I was a participant of ESPR 2016; last year, it was called EuroSPARC. The camp name and spirit is modeled off the US-based SPARC camp. For ESPR 2017, I ended up being responsible for (part of) admissions, communications, assorted pre-camp logistics, and camp counselor duties.

This post is structured as a sort of free-form analysis, where I examine a section of ESPR, look at how it worked in practice, and then move on to another section. There are some common threads between these sections, but there’s not really a central thesis; there’s just a series of lessons that I learned.

Also, like most post-mortems, any analysis is undoubtedly going to focus on the Bad and the Sub-optimal. To provide some early counterbalance to the ensuing dive into things which ended up not working, here’s a quick overview of what went well:

  • 72% of our participants rated us 910 or 1010 when asked how glad they were that they attended.

  • Unexpected setbacks which could have critically ended ESPR were miraculously solved by heroic staff in the nick of time.

  • Multiple students took initiative during camp and taught their own classes, grabbed us a guest speaker, and other exciting things. (See the section on Improving Camp Experience for more details.)

Thus, ESPR had many encouraging signs that things went well.

Of course, a string of things also went wrong. Volunteers left, interpersonal conflicts were raised, and it’s not clear that our participants got much in the way of concrete takeaways.
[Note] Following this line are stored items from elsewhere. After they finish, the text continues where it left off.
(* Let $\mathcal{F}$ be a fusion ring with structure constants $(N_{i,j}^k)$, index $1$ being the unit. Suppose there are indices $k_0\neq k_1$ such that $N_{i,j}^{k_0}\neq0$ and $N_{i,j}^{k_1}\neq0$ for all indices $i,j\neq1$. Then $\mathcal{F}$ passes the one spectrum criterion, i.e. there are no indices $i_0,i_1,\dots,i_9$ satisfying all of the following: (1) $N_{i_4,i_1}^{i_6},\ N_{i_5,i_4}^{i_2},\ N_{i_5,i_6}^{i_3},\ N_{i_7,i_9}^{i_1},\ N_{i_2,i_7}^{i_8},\ N_{i_8,i_9}^{i_3}\neq0$; (2) $\sum_kN_{i_4,i_7}^kN_{i_5^*,i_8}^kN_{i_6,i_9^*}^k=1$; (3) $N_{i_4,i_7}^{i_0}=N_{i_5^*,i_8}^{i_0}=N_{i_6,i_9^*}^{i_0}=1$; (4) $N_{i_2,i_1}^{i_3}=0$; (5) $\sum_kN_{i_5,i_4}^kN_{i_8,i_7^*}^k=1$ or $\sum_kN_{i_2,i_4^*}^kN_{i_8,i_0^*}^k=1$ or $\sum_kN_{i_5^*,i_2}^kN_{i_0,i_7^*}^k=1$; (6) $\sum_kN_{i_5,i_0}^kN_{i_3,i_9^*}^k=1$ or $\sum_kN_{i_8,i_0^*}^kN_{i_3,i_6^*}^k=1$ or $\sum_kN_{i_5^*,i_8}^kN_{i_6,i_9^*}^k=1$; (7) $\sum_kN_{i_4,i_7}^kN_{i_6,i_9^*}^k=1$ or $\sum_kN_{i_0,i_7^*}^kN_{i_6,i_1^*}^k=1$ or $\sum_kN_{i_4^*,i_0}^kN_{i_1,i_9^*}^k=1$.
   Context: A fusion ring is a ring which is a free $\mathbb{Z}$-module with finite basis $\{b_1,\dots,b_r\}$, $b_ib_j=\sum_kN_{i,j}^kb_k$, $N_{i,j}^k\in\mathbb{Z}_{\ge0}$, associative, unit $b_1$, duality $i\mapsto i^*$ with $N_{i,k}^1=N_{k,i}^1=\delta_{i^*,k}$, and Frobenius reciprocity $N_{i,j}^k=N_{i^*,k}^j=N_{k,j^*}^i$. (If indices as in (1)–(7) exist, the fusion ring admits no categorification; "passing the one spectrum criterion" means no such indices exist.) *)

theory Defs
  imports Main
begin

text \<open>A fusion ring of rank r with basis indexed by {1..r}, unit index 1,
  structure constants N i j k (= N_{i,j}^k, nonnegative integers) and duality d.\<close>

definition fusion_ring :: "nat \<Rightarrow> (nat \<Rightarrow> nat \<Rightarrow> nat \<Rightarrow> nat) \<Rightarrow> (nat \<Rightarrow> nat) \<Rightarrow> bool" where
  "fusion_ring r N d \<longleftrightarrow>
     r \<ge> 1
   \<and> (\<forall>i\<in>{1..r}. \<forall>j\<in>{1..r}. \<forall>k\<in>{1..r}. \<forall>l\<in>{1..r}.
        (\<Sum>m\<in>{1..r}. N i j m * N m k l) = (\<Sum>m\<in>{1..r}. N j k m * N i m l))
   \<and> (\<forall>i\<in>{1..r}. \<forall>j\<in>{1..r}. N 1 i j = (if i = j then 1 else 0) \<and> N i 1 j = (if i = j then 1 else 0))
   \<and> (\<forall>i\<in>{1..r}. d i \<in> {1..r})
   \<and> (\<forall>i\<in>{1..r}. \<forall>k\<in>{1..r}. N i k 1 = (if d i = k then 1 else 0) \<and> N k i 1 = (if d i = k then 1 else 0))
   \<and> (\<forall>i\<in>{1..r}. \<forall>j\<in>{1..r}. \<forall>k\<in>{1..r}. N i j k = N (d i) k j \<and> N i j k = N k (d j) i)"

definition one_spectrum_witness ::
  "nat \<Rightarrow> (nat \<Rightarrow> nat \<Rightarrow> nat \<Rightarrow> nat) \<Rightarrow> (nat \<Rightarrow> nat) \<Rightarrow>
   nat \<Rightarrow> nat \<Rightarrow> nat \<Rightarrow> nat \<Rightarrow> nat \<Rightarrow> nat \<Rightarrow> nat \<Rightarrow> nat \<Rightarrow> nat \<Rightarrow> nat \<Rightarrow> bool" where
  "one_spectrum_witness r N d i0 i1 i2 i3 i4 i5 i6 i7 i8 i9 \<longleftrightarrow>
     \<comment> \<open>(1)\<close>
     N i4 i1 i6 \<noteq> 0 \<and> N i5 i4 i2 \<noteq> 0 \<and> N i5 i6 i3 \<noteq> 0 \<and> N i7 i9 i1 \<noteq> 0 \<and> N i2 i7 i8 \<noteq> 0 \<and> N i8 i9 i3 \<noteq> 0
     \<comment> \<open>(2)\<close>
   \<and> (\<Sum>k\<in>{1..r}. N i4 i7 k * N (d i5) i8 k * N i6 (d i9) k) = 1
     \<comment> \<open>(3)\<close>
   \<and> N i4 i7 i0 = 1 \<and> N (d i5) i8 i0 = 1 \<and> N i6 (d i9) i0 = 1
     \<comment> \<open>(4)\<close>
   \<and> N i2 i1 i3 = 0
     \<comment> \<open>(5)\<close>
   \<and> ((\<Sum>k\<in>{1..r}. N i5 i4 k * N i8 (d i7) k) = 1
      \<or> (\<Sum>k\<in>{1..r}. N i2 (d i4) k * N i8 (d i0) k) = 1
      \<or> (\<Sum>k\<in>{1..r}. N (d i5) i2 k * N i0 (d i7) k) = 1)
     \<comment> \<open>(6)\<close>
   \<and> ((\<Sum>k\<in>{1..r}. N i5 i0 k * N i3 (d i9) k) = 1
      \<or> (\<Sum>k\<in>{1..r}. N i8 (d i0) k * N i3 (d i6) k) = 1
      \<or> (\<Sum>k\<in>{1..r}. N (d i5) i8 k * N i6 (d i9) k) = 1)
     \<comment> \<open>(7)\<close>
   \<and> ((\<Sum>k\<in>{1..r}. N i4 i7 k * N i6 (d i9) k) = 1
      \<or> (\<Sum>k\<in>{1..r}. N i0 (d i7) k * N i6 (d i1) k) = 1
      \<or> (\<Sum>k\<in>{1..r}. N (d i4) i0 k * N i1 (d i9) k) = 1)"

definition passes_one_spectrum :: "nat \<Rightarrow> (nat \<Rightarrow> nat \<Rightarrow> nat \<Rightarrow> nat) \<Rightarrow> (nat \<Rightarrow> nat) \<Rightarrow> bool" where
  "passes_one_spectrum r N d \<longleftrightarrow>
     \<not> (\<exists>i0\<in>{1..r}. \<exists>i1\<in>{1..r}. \<exists>i2\<in>{1..r}. \<exists>i3\<in>{1..r}. \<exists>i4\<in>{1..r}.
         \<exists>i5\<in>{1..r}. \<exists>i6\<in>{1..r}. \<exists>i7\<in>{1..r}. \<exists>i8\<in>{1..r}. \<exists>i9\<in>{1..r}.
         one_spectrum_witness r N d i0 i1 i2 i3 i4 i5 i6 i7 i8 i9)"

end

theory Submission
  imports Defs
begin

text \<open>Only conditions (1), (2) and (4) are needed.  By (1), the basis element \<open>i\<^sub>3\<close> occurs
  in \<open>i\<^sub>5 (i\<^sub>4 i\<^sub>1)\<close> through \<open>i\<^sub>6\<close> and in \<open>(i\<^sub>2 i\<^sub>7) i\<^sub>9\<close> through \<open>i\<^sub>8\<close>, while by (4) it occurs neither in
  \<open>(i\<^sub>5 i\<^sub>4) i\<^sub>1\<close> through \<open>i\<^sub>2\<close> nor in \<open>i\<^sub>2 (i\<^sub>7 i\<^sub>9)\<close> through \<open>i\<^sub>1\<close>.  If one of \<open>i\<^sub>4, i\<^sub>5, i\<^sub>6\<close> (resp.
  \<open>i\<^sub>7, i\<^sub>8, i\<^sub>9\<close>) were the unit, unit and duality axioms together with Frobenius reciprocity
  would identify the two paths, contradicting (4).  Hence none of the six factors
  \<open>i\<^sub>4, i\<^sub>7, i\<^sub>5\<^sup>*, i\<^sub>8, i\<^sub>6, i\<^sub>9\<^sup>*\<close> of the sum in (2) is the unit, so by hypothesis every summand
  is nonzero at both \<open>k\<^sub>0\<close> and \<open>k\<^sub>1\<close>, and the sum is at least 2.\<close>

lemma two_le_sum_if_two_nonzero:
  fixes f :: "'a \<Rightarrow> nat"
  assumes "finite A" "a \<in> A" "b \<in> A" "a \<noteq> b" "f a \<noteq> 0" "f b \<noteq> 0"
  shows "2 \<le> sum f A"
proof -
  have "f a + f b = sum f {a, b}" using assms(4) by simp
  also have "\<dots> \<le> sum f A" by (rule sum_mono2) (use assms(1-3) in auto)
  finally show ?thesis using assms(5,6) by linarith
qed

context
  fixes r :: nat and N :: "nat \<Rightarrow> nat \<Rightarrow> nat \<Rightarrow> nat" and d :: "nat \<Rightarrow> nat"
  assumes fr: "fusion_ring r N d"
begin

text \<open>The unfolded definition is only ever given to \<open>blast\<close>: as simplification rules, the
  associativity equations loop.\<close>

lemma fusion_ring_unit_in_range: "1 \<in> {1..r}"
proof -
  have "1 \<le> r" using fr unfolding fusion_ring_def by (elim conjE) assumption
  then show ?thesis by simp
qed

lemma fusion_ring_dual_in_range: "i \<in> {1..r} \<Longrightarrow> d i \<in> {1..r}"
  using fr unfolding fusion_ring_def by blast

lemma fusion_ring_unit_leftD:
  assumes "i \<in> {1..r}" "j \<in> {1..r}" "N 1 i j \<noteq> 0"
  shows "j = i"
proof -
  have "N 1 i j = (if i = j then 1 else 0)"
    using fr assms(1,2) unfolding fusion_ring_def by blast
  with assms(3) show ?thesis by (simp split: if_splits)
qed

lemma fusion_ring_unit_rightD:
  assumes "i \<in> {1..r}" "j \<in> {1..r}" "N i 1 j \<noteq> 0"
  shows "j = i"
proof -
  have "N i 1 j = (if i = j then 1 else 0)"
    using fr assms(1,2) unfolding fusion_ring_def by blast
  with assms(3) show ?thesis by (simp split: if_splits)
qed

lemma fusion_ring_to_unitD:
  assumes "i \<in> {1..r}" "k \<in> {1..r}" "N i k 1 \<noteq> 0"
  shows "k = d i"
proof -
  have "N i k 1 = (if d i = k then 1 else 0)"
    using fr assms(1,2) unfolding fusion_ring_def by blast
  with assms(3) show ?thesis by (simp split: if_splits)
qed

lemma fusion_ring_frobenius_left:
  "i \<in> {1..r} \<Longrightarrow> j \<in> {1..r} \<Longrightarrow> k \<in> {1..r} \<Longrightarrow> N i j k = N (d i) k j"
  using fr unfolding fusion_ring_def by blast

lemma fusion_ring_frobenius_right:
  "i \<in> {1..r} \<Longrightarrow> j \<in> {1..r} \<Longrightarrow> k \<in> {1..r} \<Longrightarrow> N i j k = N k (d j) i"
  using fr unfolding fusion_ring_def by blast

lemma fusion_ring_dual_eq_unitD:
  assumes "i \<in> {1..r}" "d i = 1"
  shows "i = 1"
proof -
  have "N i 1 1 = (if d i = 1 then 1 else 0)"
    using fr assms(1) fusion_ring_unit_in_range unfolding fusion_ring_def by blast
  with assms(2) have "N i 1 1 \<noteq> 0" by simp
  then show ?thesis
    using fusion_ring_unit_rightD[OF assms(1) fusion_ring_unit_in_range] by simp
qed

text \<open>Associativity only guarantees that \<open>z\<close> occurs in the other bracketing of \<open>x a b\<close> through
  some constituent; when one of the factors involved is the unit, that constituent is forced to be
  the given one.\<close>

lemma fusion_ring_reassoc_left_if_unit:
  assumes range: "x \<in> {1..r}" "a \<in> {1..r}" "b \<in> {1..r}" "c \<in> {1..r}" "y \<in> {1..r}" "z \<in> {1..r}"
    and abc: "N a b c \<noteq> 0" and xcz: "N x c z \<noteq> 0" and xay: "N x a y \<noteq> 0"
    and unit: "x = 1 \<or> a = 1 \<or> c = 1"
  shows "N y b z \<noteq> 0"
  using unit
proof (elim disjE)
  assume "x = 1"
  then show ?thesis
    using abc fusion_ring_unit_leftD[OF range(2,5)] fusion_ring_unit_leftD[OF range(4,6)] xay xcz
    by auto
next
  assume "a = 1"
  then show ?thesis
    using xcz fusion_ring_unit_leftD[OF range(3,4)] fusion_ring_unit_rightD[OF range(1,5)] abc xay
    by auto
next
  assume "c = 1"
  then have "b = d a" "z = x"
    using abc xcz fusion_ring_to_unitD[OF range(2,3)] fusion_ring_unit_rightD[OF range(1,6)]
    by auto
  then show ?thesis
    using xay fusion_ring_frobenius_right[OF range(1,2,5)] by simp
qed

lemma fusion_ring_reassoc_right_if_unit:
  assumes range: "x \<in> {1..r}" "a \<in> {1..r}" "b \<in> {1..r}" "c \<in> {1..r}" "y \<in> {1..r}" "z \<in> {1..r}"
    and xay: "N x a y \<noteq> 0" and ybz: "N y b z \<noteq> 0" and abc: "N a b c \<noteq> 0"
    and unit: "a = 1 \<or> b = 1 \<or> y = 1"
  shows "N x c z \<noteq> 0"
  using unit
proof (elim disjE)
  assume "a = 1"
  then show ?thesis
    using xay fusion_ring_unit_rightD[OF range(1,5)] fusion_ring_unit_leftD[OF range(3,4)] abc ybz
    by auto
next
  assume "b = 1"
  then show ?thesis
    using abc fusion_ring_unit_rightD[OF range(2,4)] fusion_ring_unit_rightD[OF range(5,6)] ybz xay
    by auto
next
  assume "y = 1"
  then have "a = d x" "z = b"
    using xay ybz fusion_ring_to_unitD[OF range(1,2)] fusion_ring_unit_leftD[OF range(3,6)]
    by auto
  then show ?thesis
    using abc fusion_ring_frobenius_left[OF range(1,4,6)] by simp
qed

end

lemma fusion_ring_no_one_spectrum_witness:
  assumes fr: "fusion_ring r N d"
    and k01: "k0 \<in> {1..r}" "k1 \<in> {1..r}" "k0 \<noteq> k1"
    and nonzero: "\<forall>i\<in>{1..r}. \<forall>j\<in>{1..r}. i \<noteq> 1 \<and> j \<noteq> 1 \<longrightarrow> N i j k0 \<noteq> 0 \<and> N i j k1 \<noteq> 0"
    and range: "i1 \<in> {1..r}" "i2 \<in> {1..r}" "i3 \<in> {1..r}" "i4 \<in> {1..r}" "i5 \<in> {1..r}"
      "i6 \<in> {1..r}" "i7 \<in> {1..r}" "i8 \<in> {1..r}" "i9 \<in> {1..r}"
    and witness: "one_spectrum_witness r N d i0 i1 i2 i3 i4 i5 i6 i7 i8 i9"
  shows False
proof -
  from witness have cond1: "N i4 i1 i6 \<noteq> 0" "N i5 i4 i2 \<noteq> 0" "N i5 i6 i3 \<noteq> 0"
      "N i7 i9 i1 \<noteq> 0" "N i2 i7 i8 \<noteq> 0" "N i8 i9 i3 \<noteq> 0"
    and cond2: "(\<Sum>k\<in>{1..r}. N i4 i7 k * N (d i5) i8 k * N i6 (d i9) k) = 1"
    and cond4: "N i2 i1 i3 = 0"
    by (simp_all only: one_spectrum_witness_def simp_thms)
  have right: "i4 \<noteq> 1" "i5 \<noteq> 1" "i6 \<noteq> 1"
    using fusion_ring_reassoc_left_if_unit[OF fr range(5,4,1,6,2,3) cond1(1,3,2)] cond4
    by auto
  have left: "i7 \<noteq> 1" "i8 \<noteq> 1" "i9 \<noteq> 1"
    using fusion_ring_reassoc_right_if_unit[OF fr range(2,7,9,1,8,3) cond1(5,6,4)] cond4
    by auto
  have duals: "d i5 \<in> {1..r}" "d i9 \<in> {1..r}"
    using fusion_ring_dual_in_range[OF fr] range(5,9) by blast+
  have dual_nonunit: "d i5 \<noteq> 1" "d i9 \<noteq> 1"
    using right(2) left(3) fusion_ring_dual_eq_unitD[OF fr] range(5,9) by blast+
  have "N i4 i7 k \<noteq> 0 \<and> N (d i5) i8 k \<noteq> 0 \<and> N i6 (d i9) k \<noteq> 0" if "k \<in> {k0, k1}" for k
    using that nonzero range(4,6,7,8) duals right(1,3) left(1,2) dual_nonunit by blast
  then have "2 \<le> (\<Sum>k\<in>{1..r}. N i4 i7 k * N (d i5) i8 k * N i6 (d i9) k)"
    using two_le_sum_if_two_nonzero[of "{1..r}" k0 k1] k01 by simp
  with cond2 show False by simp
qed

theorem lemma7p19:
  fixes r :: nat and N :: "nat \<Rightarrow> nat \<Rightarrow> nat \<Rightarrow> nat" and d :: "nat \<Rightarrow> nat" and k0 k1 :: nat
  assumes "fusion_ring r N d"
    and "k0 \<in> {1..r}" and "k1 \<in> {1..r}" and "k0 \<noteq> k1"
    and "\<forall>i\<in>{1..r}. \<forall>j\<in>{1..r}. i \<noteq> 1 \<and> j \<noteq> 1 \<longrightarrow> N i j k0 \<noteq> 0 \<and> N i j k1 \<noteq> 0"
  shows "passes_one_spectrum r N d"
  \<comment> \<open>\<open>;\<close> discharges the new subgoals last to first, so the witness premise, stated last,
    fixes all ten indices before the interchangeable range premises are matched.\<close>
  unfolding passes_one_spectrum_def
  by (intro notI, elim bexE) (rule fusion_ring_no_one_spectrum_witness[OF assms]; assumption)

end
I hope that looking at all these different pieces of the project can shed some light on why some of the bad things happened, and how we can do better for similar projects in the future.

tldr;

Here’s an overview of the points that are covered below in the following paragraphs:

  1. This year’s diverse curriculum arguably decreased the value of takeaways for the participants.

  2. A vague mission statement meant that different ESPR staff had sometimes conflicting goals which weren’t well resolved.

  3. Evaluating what participants got out of ESPR is a very hard task because there are lots of relevant factors.

  4. One strong way to improve the ESPR experience for participants is to bring in more opportunities for independent projects and ownership of learning.

  5. Unclear role and responsibility specification led to negative incentives for people to take initiative on tasks.

Initial Expectations and Values:

I’m going to be evaluating different parts of ESPR, so it seems crucial to give an outline for which things I cared about and found relevant.

First and foremost, I had originally wanted ESPR to be able to churn out people who’d be motivated to work on problems in the rationality space and effective altruism space.

(This has now actually changed; see the Evaluating Participant Takeaways section for more details.)

A big part of this was that, as an ESPR 2016 alumnus, I had found the camp to be important in roping me in deeper to these ideas, which I consider valuable.

The actual effects of my slant on camp was tempered by others, who had different views, giving pushback. (More on this idea in the Diversity and Dilution section.)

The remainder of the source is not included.